Maiga framed it from the other direction, returning to the idea that had opened the session: AI is most powerful not when it replaces professional judgment, but when it removes the manual burden that prevents professionals from exercising that judgment in the first place.
"The relationships you build are what matter," he said. "AI gives you the time to build them."
For fifty-two auditors who drove from across the state of Utah to be in that room, the message was the same: the manual work piling up on your desk has a solution. And two UVU students just showed you how to build it.

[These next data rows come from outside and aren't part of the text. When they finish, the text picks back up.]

lemma neg_expect_eq_integral:
  assumes "integrable M (\<lambda>\<omega>. Z \<omega> * X \<omega>)" and "AE \<omega> in M. Z \<omega> \<ge> 0"
  shows "neg_expect M Z X = ereal (- (\<integral>\<omega>. Z \<omega> * X \<omega> \<partial>M))"
proof -
  define f where "f = (\<lambda>\<omega>. Z \<omega> * X \<omega>)"
  have neg: "(\<integral>\<^sup>+ \<omega>. ennreal (Z \<omega> * max 0 (- X \<omega>)) \<partial>M) = (\<integral>\<^sup>+ \<omega>. ennreal (- f \<omega>) \<partial>M)"
   and pos: "(\<integral>\<^sup>+ \<omega>. ennreal (Z \<omega> * max 0 (X \<omega>)) \<partial>M) = (\<integral>\<^sup>+ \<omega>. ennreal (f \<omega>) \<partial>M)"
    by (intro nn_integral_cong_AE, use assms(2) in eventually_elim,
        auto simp: f_def max_def ennreal_neg mult_nonneg_nonpos)+
  have "integrable M f"
    using assms(1) by (simp add: f_def)
  then have fin: "(\<integral>\<^sup>+ \<omega>. ennreal (- f \<omega>) \<partial>M) \<noteq> \<infinity>" "(\<integral>\<^sup>+ \<omega>. ennreal (f \<omega>) \<partial>M) \<noteq> \<infinity>"
    and "integral\<^sup>L M f = enn2real (\<integral>\<^sup>+ \<omega>. ennreal (f \<omega>) \<partial>M) - enn2real (\<integral>\<^sup>+ \<omega>. ennreal (- f \<omega>) \<partial>M)"
    by (auto simp: real_integrable_def real_lebesgue_integral_def)
  with fin show ?thesis
    by (simp add: neg_expect_def neg pos f_def[symmetric] enn2ereal_eq_ereal_enn2real)
qed

definition excess_moment :: "'a measure \<Rightarrow> real \<Rightarrow> ('d \<Rightarrow> 'a \<Rightarrow> real) \<Rightarrow> ('a \<Rightarrow> real) \<Rightarrow> 'd \<Rightarrow> real" where
  "excess_moment M r R Z i = (\<integral>\<omega>. Z \<omega> * (R i \<omega> - r) \<partial>M)"

locale condition_I_market =
  fixes M :: "'a measure" and r :: real and R :: "'d::finite \<Rightarrow> 'a \<Rightarrow> real"
    and Q :: "('a \<Rightarrow> real) set"
  assumes Q_densities: "Q \<subseteq> densities M"
    and Q_convex: "convex_fun_set Q"
    and one_in_Q: "(\<lambda>_. 1) \<in> Q"
    and integrable_Q_ret: "\<And>Z i. Z \<in> Q \<Longrightarrow> integrable M (\<lambda>\<omega>. Z \<omega> * R i \<omega>)"
begin

lemma integrable_Q: "Z \<in> Q \<Longrightarrow> integrable M Z"
  and AE_Q_nonneg: "Z \<in> Q \<Longrightarrow> AE \<omega> in M. Z \<omega> \<ge> 0"
  using Q_densities by (auto simp: densities_def)

lemma integrable_Q_excess_ret:
  assumes "Z \<in> Q"
  shows "integrable M (\<lambda>\<omega>. Z \<omega> * (R i \<omega> - r))"
proof -
  have "integrable M (\<lambda>\<omega>. Z \<omega> * R i \<omega> - r * Z \<omega>)"
    using integrable_Q_ret[OF assms] integrable_Q[OF assms] by auto
  then show ?thesis
    by (simp add: algebra_simps)
qed

lemma mult_excess_eq_sum: "(\<lambda>\<omega>. Z \<omega> * excess r R \<pi> \<omega>) = (\<lambda>\<omega>. \<Sum>i\<in>UNIV. \<pi> i * (Z \<omega> * (R i \<omega> - r)))"
  by (auto simp: excess_def sum_distrib_left algebra_simps)
lemma gw_welldef_gauge:
  assumes uv: "u * v = 1" and vu: "v * u = 1"
    and normop: "normop n b' = gauge u v (normop n b)" and nabla: "nabla b' = gauge u v (nabla b)"
    and welldef: "gw_welldef D n b"
  shows "gw_welldef D n b'"
proof -
  have normop': "normop n b = gauge v u (normop n b')"
    by (simp add: normop gauge_gauge[OF vu deg_le_normop])
  have nabla': "nabla b = gauge v u (nabla b')"
    by (simp add: nabla gauge_gauge[OF vu deg_le_nabla])
  obtain I where "gw_decomp D n b I"
    using welldef by (auto simp: gw_welldef_def)
  then have "gw_decomp D n b' (\<lambda>k. u * I k * v)"
    by (rule gw_decomp_gauge[OF uv vu normop nabla])
  moreover have "J k = J' k" if "gw_decomp D n b' J" and "gw_decomp D n b' J'" and "k \<in> {2..n}"
    for J J' k
  proof -
    have "v * J k * u = v * J' k * u"
      using gw_decomp_gauge[OF vu uv normop' nabla' that(1)]
        gw_decomp_gauge[OF vu uv normop' nabla' that(2)] welldef that(3) unfolding gw_welldef_def by blast
    then have "u * (v * J k * u) * v = u * (v * J' k * u) * v"
      by simp
    then show ?thesis
      by (metis mult.assoc mult_1_left mult_1_right uv)
  qed
  ultimately show ?thesis
    unfolding gw_welldef_def by blast
qed

end

lemma gwI_eq:
  assumes "gw_welldef D n b" and "gw_decomp D n b I" and "k \<in> {2..n}"
  shows "gwI D n b k = I k"
  unfolding gwI_def
proof (rule the_equality)
  show "\<exists>J. gw_decomp D n b J \<and> J k = I k"
    using assms(2) by blast
next
  fix c
  assume "\<exists>J. gw_decomp D n b J \<and> J k = c"
  then show "c = I k"
    using assms unfolding gw_welldef_def by blast
qed

theorem mainTheorem2:
  fixes D :: "'a::ring_1 \<Rightarrow> 'a" and n :: nat and a :: "nat \<Rightarrow> 'a" and f g :: 'a
  assumes "diffring D"
    and "n \<ge> 2"
    and "a 0 = 1"
    and "f * g = 1" and "g * f = 1"
    and "gw_welldef D n a"
  shows "gauge_coeffs D a f g 0 = 1
    \<and> normop n (gauge_coeffs D a f g) = opmul D (opmul D (opconst g) (normop n a)) (opconst f)
    \<and> (\<forall>k\<in>{2..n}. gwI D n (gauge_coeffs D a f g) k = g * gwI D n a k * f)"
proof -
  interpret differential_ring D
    by (rule differential_ring.intro) (fact assms(1))
  define a' where "a' = gauge_coeffs D a f g"
  have normop: "normop n a' = gauge g f (normop n a)"
    by (simp add: a'_def gauge_normop)
  have nabla: "nabla a' = gauge g f (nabla a)"
    using gauge_nabla[of a g f, OF assms(3,5)] by (simp add: a'_def)
  obtain I where I: "gw_decomp D n a I"
    using assms(6) by (auto simp: gw_welldef_def)
  have I': "gw_decomp D n a' (\<lambda>k. g * I k * f)"
    by (rule gw_decomp_gauge[OF assms(5,4) normop nabla I])
  have welldef': "gw_welldef D n a'"
    by (rule gw_welldef_gauge[OF assms(5,4) normop nabla assms(6)])
  have "gwI D n a' k = g * gwI D n a k * f" if "k \<in> {2..n}" for k
    using gwI_eq[OF welldef' I' that] gwI_eq[OF assms(6) I that] by simp
  moreover have "a' 0 = 1"
    by (simp add: a'_def gauge_coeffs_def assms(3,5))
  ultimately show ?thesis
    using normop unfolding gauge_def a'_def by blast
qed

end
(* Let $a,b,c>0$ and consider the Van der Pol system $\dot v_1=av_2$, $\dot v_2=-bv_1+c(1-v_1^2)v_2$, written as $\dot v=\phi(v)\omega$ with $\omega=\mathrm{col}(a,b,c)$ and $$\phi(v)=\begin{bmatrix}v_2&0&0\\0&-v_1&(1-v_1^2)v_2\end{bmatrix}.$$ Then for every initial condition $v(0)\ne0$, the function $t\mapsto\phi^T(v(t))\in\mathbb{R}^{3\times2}$ is persistently exciting.
   Context: Persistent excitation: a bounded piecewise continuous $f:[0,\infty)\to\mathbb{R}^{n\times m}$ is persistently exciting if there exist $\epsilon,t_0,T_0>0$ with $\frac1{T_0}\int_t^{t+T_0}f(s)f^T(s)\,ds\ge\epsilon I_n$ for all $t\ge t_0$. *)

theory Defs
  imports "HOL-Analysis.Analysis"
begin

definition piecewise_continuous :: "(real \<Rightarrow> 'a::real_normed_vector) \<Rightarrow> bool" where
  "piecewise_continuous f \<longleftrightarrow>
     (\<forall>T\<ge>0. \<exists>S. finite S \<and> continuous_on ({0..T} - S) f \<and>
        (\<forall>s\<in>S. (s > 0 \<longrightarrow> (\<exists>l. (f \<longlongrightarrow> l) (at_left s))) \<and> (\<exists>l. (f \<longlongrightarrow> l) (at_right s))))"

definition persistently_exciting :: "(real \<Rightarrow> real^'m^'n) \<Rightarrow> bool" where
  "persistently_exciting f \<longleftrightarrow>
     bounded (f ` {0..}) \<and> piecewise_continuous f \<and>
     (\<exists>\<epsilon> t0 T0. \<epsilon> > 0 \<and> t0 > 0 \<and> T0 > 0 \<and>
        (\<forall>t\<ge>t0. \<forall>x::real^'n.
           x \<bullet> (((1 / T0) *\<^sub>R integral {t..t+T0} (\<lambda>s. f s ** transpose (f s)) - \<epsilon> *\<^sub>R mat 1) *v x) \<ge> 0))"

definition vdp_phi :: "real \<Rightarrow> real \<Rightarrow> real^3^2" where
  "vdp_phi v1 v2 = vector [vector [v2, 0, 0], vector [0, - v1, (1 - v1\<^sup>2) * v2]]"

end

theory Submission
  imports Defs "HOL-Real_Asymp.Real_Asymp"
begin

text \<open>A nonzero Van der Pol trajectory is bounded: in the Lienard coordinate
  \<open>y = a v2 - c (v1 - v1\<^sup>3/3)\<close> the function \<open>y\<^sup>2/2 + ab v1\<^sup>2/2 - v1 arctan y\<close> decreases
  far from the origin. It also stays away from the origin, since the energy
  \<open>b v1\<^sup>2 + a v2\<^sup>2\<close> increases while \<open>|v1| < 1\<close>. Consequently \<open>v1\<close>, \<open>v2\<close> and the damping
  term \<open>w = (1 - v1\<^sup>2) v2\<close> each reach a fixed size in every window of bounded length;
  being Lipschitz, their squares have integrals bounded below on every window of length 3.
  The quadratic form of \<open>\<integral> \<phi>\<^sup>T \<phi>\<close> is
  \<open>x\<^sub>1\<^sup>2 \<integral>v2\<^sup>2 + x\<^sub>2\<^sup>2 \<integral>v1\<^sup>2 + x\<^sub>3\<^sup>2 \<integral>w\<^sup>2 - 2 x\<^sub>2 x\<^sub>3 \<integral>v1 w\<close>, and the cross term is an
  increment of the bounded function \<open>(v1\<^sup>2/2 - v1\<^sup>4/4)/a\<close>, so it is negligible on long
  windows.\<close>

section \<open>Functions on the half-line\<close>

lemma mvt_halfline:
  fixes f f' :: "real \<Rightarrow> real"
  assumes f': "\<And>t. t \<ge> 0 \<Longrightarrow> (f has_real_derivative f' t) (at t within {0..})"
    and "0 \<le> x" "x < y"
  obtains \<xi> where "x < \<xi>" "\<xi> < y" "f y - f x = f' \<xi> * (y - x)"
proof -
  have "\<exists>\<xi>\<in>{x<..<y}. f y - f x = (\<lambda>h. f' \<xi> * h) (y - x)"
  proof (rule mvt_simple[OF \<open>x < y\<close>])
    fix z assume "x \<le> z" "z \<le> y"
    then have "(f has_real_derivative f' z) (at z within {x..y})"
      using has_field_derivative_subset[OF f'] \<open>0 \<le> x\<close> by auto
    then show "(f has_derivative (\<lambda>h. f' z * h)) (at z within {x..y})"
      by (simp add: has_field_derivative_def)
  qed
  then show thesis using that by auto
qed

lemma lipschitz_halfline:
  fixes f f' :: "real \<Rightarrow> real"
  assumes f': "\<And>t. t \<ge> 0 \<Longrightarrow> (f has_real_derivative f' t) (at t within {0..})"
    and bound: "\<And>t. t \<ge> 0 \<Longrightarrow> \<bar>f' t\<bar> \<le> L"
    and "0 \<le> x" "x \<le> y"
  shows "\<bar>f y - f x\<bar> \<le> L * (y - x)"
proof (cases "x = y")
  case False
  with \<open>x \<le> y\<close> have "x < y" by simp
  then obtain \<xi> where "x < \<xi>" "\<xi> < y" "f y - f x = f' \<xi> * (y - x)"
    using mvt_halfline[OF f' \<open>0 \<le> x\<close>] by blast
  moreover have "\<bar>f' \<xi>\<bar> \<le> L" using bound \<open>0 \<le> x\<close> \<open>x < \<xi>\<close> by auto
  ultimately show ?thesis using \<open>x \<le> y\<close> by (simp add: abs_mult mult_right_mono)
qed simp

lemma lipschitz_halfline_of_bounded_deriv:
  fixes f f' :: "real \<Rightarrow> real"
  assumes f': "\<And>t. t \<ge> 0 \<Longrightarrow> (f has_real_derivative f' t) (at t within {0..})"
    and "bounded (f' ` {0..})"
  obtains L where "L > 0" "\<And>x y. 0 \<le> x \<Longrightarrow> x \<le> y \<Longrightarrow> \<bar>f y - f x\<bar> \<le> L * (y - x)"
proof -
  obtain L where "L > 0" "\<And>t. t \<ge> 0 \<Longrightarrow> \<bar>f' t\<bar> \<le> L"
    using assms(2) unfolding bounded_pos by auto
  with lipschitz_halfline[OF f'] that show thesis by blast
qed

lemma continuous_on_halfline:
  fixes f f' :: "real \<Rightarrow> real"
  assumes "\<And>t. t \<ge> 0 \<Longrightarrow> (f has_real_derivative f' t) (at t within {0..})"
  shows "continuous_on {0..} f"
  by (rule DERIV_continuous_on[where D=f']) (use assms in auto)

lemma small_on_window_imp_small_deriv:
  fixes f f' :: "real \<Rightarrow> real"
  assumes f': "\<And>t. t \<ge> 0 \<Longrightarrow> (f has_real_derivative f' t) (at t within {0..})"
    and "s \<ge> 0" and small: "\<And>\<tau>. s \<le> \<tau> \<Longrightarrow> \<tau> \<le> s + 1 \<Longrightarrow> \<bar>f \<tau>\<bar> < \<eta>"
  obtains \<xi> where "s < \<xi>" "\<xi> < s + 1" "\<bar>f' \<xi>\<bar> < 2 * \<eta>"
proof -
  obtain \<xi> where "s < \<xi>" "\<xi> < s + 1" "f (s + 1) - f s = f' \<xi> * (s + 1 - s)"
    using mvt_halfline[OF f' \<open>s \<ge> 0\<close>, of "s + 1"] by auto
  moreover have "\<bar>f (s + 1) - f s\<bar> < 2 * \<eta>" using small[of s] small[of "s + 1"] by simp
  ultimately show thesis using that by auto
qed
(* Let $q$ be a prime power, $M\geq 2$ an integer, and let $f$ be a SCIM polynomial over $\mathbb{F}_{q^2}$ of odd degree $d$ such that $f(x^M)$ has a SCIM factor $g$ of degree $d$. Let $C_f\in\mathrm{U}(d,\mathbb{F}_{q^2})$ be a matrix with characteristic polynomial $f$. Then there exists $\alpha\in \mathrm{U}(d,\mathbb{F}_{q^2})$ such that $\alpha^M=C_f$.
   Context: For $a\in\mathbb{F}_{q^2}$ write $\bar a=a^q$, extended coefficientwise to matrices and polynomials. Let $\Lambda_n$ be the $n\times n$ matrix with $1$'s on the antidiagonal and $0$ elsewhere; the unitary group is $\mathrm{U}(n,\mathbb{F}_{q^2})=\{A\in \mathrm{GL}(n,\mathbb{F}_{q^2}) : A\Lambda_n\bar A^{t}=\Lambda_n\}$. For a monic polynomial $f$ of degree $d$ with $f(0)\neq 0$ define $\widetilde{f}(t)=\overline{f(0)}^{-1}t^d\bar f(t^{-1})$. A SCIM polynomial is a monic polynomial $f\in\mathbb{F}_{q^2}[t]$ with $f(0)\neq0$, irreducible over $\mathbb{F}_{q^2}$, with $\widetilde f=f$. *)

theory Defs
  imports "Jordan_Normal_Form.Char_Poly" "HOL-Computational_Algebra.Polynomial"
begin

definition qconj :: "nat \<Rightarrow> 'a::field \<Rightarrow> 'a" where
  "qconj q a = a ^ q"

definition mat_qconj :: "nat \<Rightarrow> 'a::field mat \<Rightarrow> 'a mat" where
  "mat_qconj q A = map_mat (qconj q) A"

definition poly_qconj :: "nat \<Rightarrow> 'a::field poly \<Rightarrow> 'a poly" where
  "poly_qconj q f = map_poly (qconj q) f"

definition antidiag :: "nat \<Rightarrow> 'a::field mat" where
  "antidiag n = mat n n (\<lambda>(i, j). if i + j = n - 1 then 1 else 0)"

definition unitary_group :: "nat \<Rightarrow> nat \<Rightarrow> 'a::field mat set" where
  "unitary_group q n = {A. A \<in> carrier_mat n n \<and> invertible_mat A \<and>
      A * antidiag n * transpose_mat (mat_qconj q A) = antidiag n}"

text \<open>f~(t) = conj(f(0))^{-1} t^d conj(f)(1/t), with d = deg f; t^d conj(f)(1/t) is the reflected
  polynomial of conj(f) (which has degree d).\<close>
definition poly_tilde :: "nat \<Rightarrow> 'a::field poly \<Rightarrow> 'a poly" where
  "poly_tilde q f = Polynomial.smult (inverse (qconj q (poly f 0)))
      (reflect_poly (poly_qconj q f))"

definition SCIM :: "nat \<Rightarrow> 'a::field poly \<Rightarrow> bool" where
  "SCIM q f \<longleftrightarrow> monic f \<and> poly f 0 \<noteq> 0 \<and> irreducible f \<and> poly_tilde q f = f"

end

(*
  Let \<theta> be a root of g. Then \<theta>^M is a root of the irreducible f, and since deg g = deg f
  the fields F(\<theta>) and F(\<theta>^M) coincide, so \<theta> = B(\<theta>^M) for a polynomial B, i.e.
  B^M \<equiv> t (mod f). As g is self-conjugate-reciprocal, \<theta>^-1 is a root of conj(g); conjugating
  B(t^M) \<equiv> t (mod g) then gives conj(B)(\<theta>^-M) = \<theta>^-1, i.e. B(t) conj(B)(t^-1) \<equiv> 1 (mod f).
  By Cayley-Hamilton f(C) = 0, so \<alpha> = B(C) satisfies \<alpha>^M = C. Unitarity of C says
  \<Lambda> conj(C)^T = C^-1 \<Lambda>, hence \<alpha> \<Lambda> conj(\<alpha>)^T = B(C) conj(B)(C^-1) \<Lambda> = \<Lambda>.
  Statements about \<theta> are expressed as congruences modulo g throughout.
*)
theory Submission
  imports Defs "HOL-Number_Theory.Cong"
begin

section \<open>Polynomials evaluated at square matrices\<close>

lemma zero_smult_mat [simp]: "(0::'a::mult_zero) \<cdot>\<^sub>m A = 0\<^sub>m (dim_row A) (dim_col A)"
  by (intro eq_matI) auto

lemma one_smult_mat [simp]: "(1::'a::monoid_mult) \<cdot>\<^sub>m A = A"
  by (intro eq_matI) auto

fun poly_mat_upto :: "nat \<Rightarrow> 'a::comm_ring_1 poly \<Rightarrow> 'a mat \<Rightarrow> 'a mat" where
  "poly_mat_upto 0 p A = 0\<^sub>m (dim_row A) (dim_row A)"
| "poly_mat_upto (Suc k) p A = poly_mat_upto k p A + coeff p k \<cdot>\<^sub>m A ^\<^sub>m k"

definition poly_mat :: "'a::comm_ring_1 poly \<Rightarrow> 'a mat \<Rightarrow> 'a mat" where
  "poly_mat p A = poly_mat_upto (Suc (degree p)) p A"

lemma poly_mat_upto_carrier [simp]: "A \<in> carrier_mat n n \<Longrightarrow> poly_mat_upto k p A \<in> carrier_mat n n"
  by (induction k) auto

lemma poly_mat_carrier [simp]: "A \<in> carrier_mat n n \<Longrightarrow> poly_mat p A \<in> carrier_mat n n"
  unfolding poly_mat_def by (rule poly_mat_upto_carrier)

lemma poly_mat_upto_eq_poly_mat:
  assumes A: "A \<in> carrier_mat n n" and k: "degree p < k"
  shows "poly_mat_upto k p A = poly_mat p A"
proof -
  have "Suc (degree p) \<le> k" using k by simp
  then show ?thesis
  proof (induction k rule: dec_induct)
    case (step k)
    then have "coeff p k = 0" by (simp add: coeff_eq_0)
    then show ?case using step.IH A by (simp add: poly_mat_def)
  qed (simp add: poly_mat_def)
qed

lemma pow_mat_Suc_left: "A \<in> carrier_mat n n \<Longrightarrow> A ^\<^sub>m Suc k = A * A ^\<^sub>m k"
proof (induction k)
  case (Suc k)
  then have "A ^\<^sub>m Suc (Suc k) = A * (A ^\<^sub>m k * A)"
    by (simp del: pow_mat.simps(2) add: pow_mat.simps(2)[of A "Suc k"] assoc_mult_mat[of A n n _ n A n])
  then show ?case by simp
qed simp

lemma poly_mat_upto_pCons:
  assumes A: "A \<in> carrier_mat n n"
  shows "poly_mat_upto (Suc k) (pCons a p) A = a \<cdot>\<^sub>m 1\<^sub>m n + A * poly_mat_upto k p A"
proof (induction k)
  case 0
  show ?case using A by (intro eq_matI) auto
next
  case (Suc k)
  have P: "poly_mat_upto k p A \<in> carrier_mat n n" and Ak: "A ^\<^sub>m k \<in> carrier_mat n n"
    using A by auto
  have "A * poly_mat_upto (Suc k) p A = A * poly_mat_upto k p A + A * (coeff p k \<cdot>\<^sub>m A ^\<^sub>m k)"
    using Ak by (simp add: mult_add_distrib_mat[OF A P])
  also have "A * (coeff p k \<cdot>\<^sub>m A ^\<^sub>m k) = coeff p k \<cdot>\<^sub>m A ^\<^sub>m Suc k"
    by (simp add: mult_smult_distrib[OF A Ak] pow_mat_Suc_left[OF A] del: pow_mat.simps)
  finally show ?case
    using Suc A P Ak by (simp add: assoc_add_mat[of _ n n] del: pow_mat.simps)
qed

GenAI Guidelines for Auditors
The following guidelines were presented by the Mohamed Maiga and Ivan Diaz of the Kahlert Applied AI Institute to help optimize interactions with generative AI and integrate automated agents into manual audit workflows:
- Save and Manage Agents: Save scripts externally for reuse and enhancement.
- Prioritize Input Quality: Output quality depends directly on instruction quality.
- Set Strict Boundaries: Tell the AI not to respond if it cannot meet requirements.
- Request Verification: Always ask for sources, page numbers, and levels of certainty.
- Use Natural Language: Speak to the AI like a human to improve comprehension.
- Define Purpose: Clearly state the "why" and provide relevant context.
- Embrace Iteration: Expect to fine-tune and go through several versions.
- Human Oversight: Always verify outputs; AI handles errors, but humans ensure accuracy.
- Two-Way Assessment: Evaluate AI potential both before and after completing a task.

Mohamed Maiga (recent UVU graduate) and Ivan Diaz (Accounting Major) presented an AI Agent Workshop for 52 USHE Auditors, as part of an audit conference at UVU on May 5, 2026. UVU AI students will provide a follow-up demonstration using Copilot's premium version — capable of processing up to twenty files simultaneously — at upcoming UVU conference.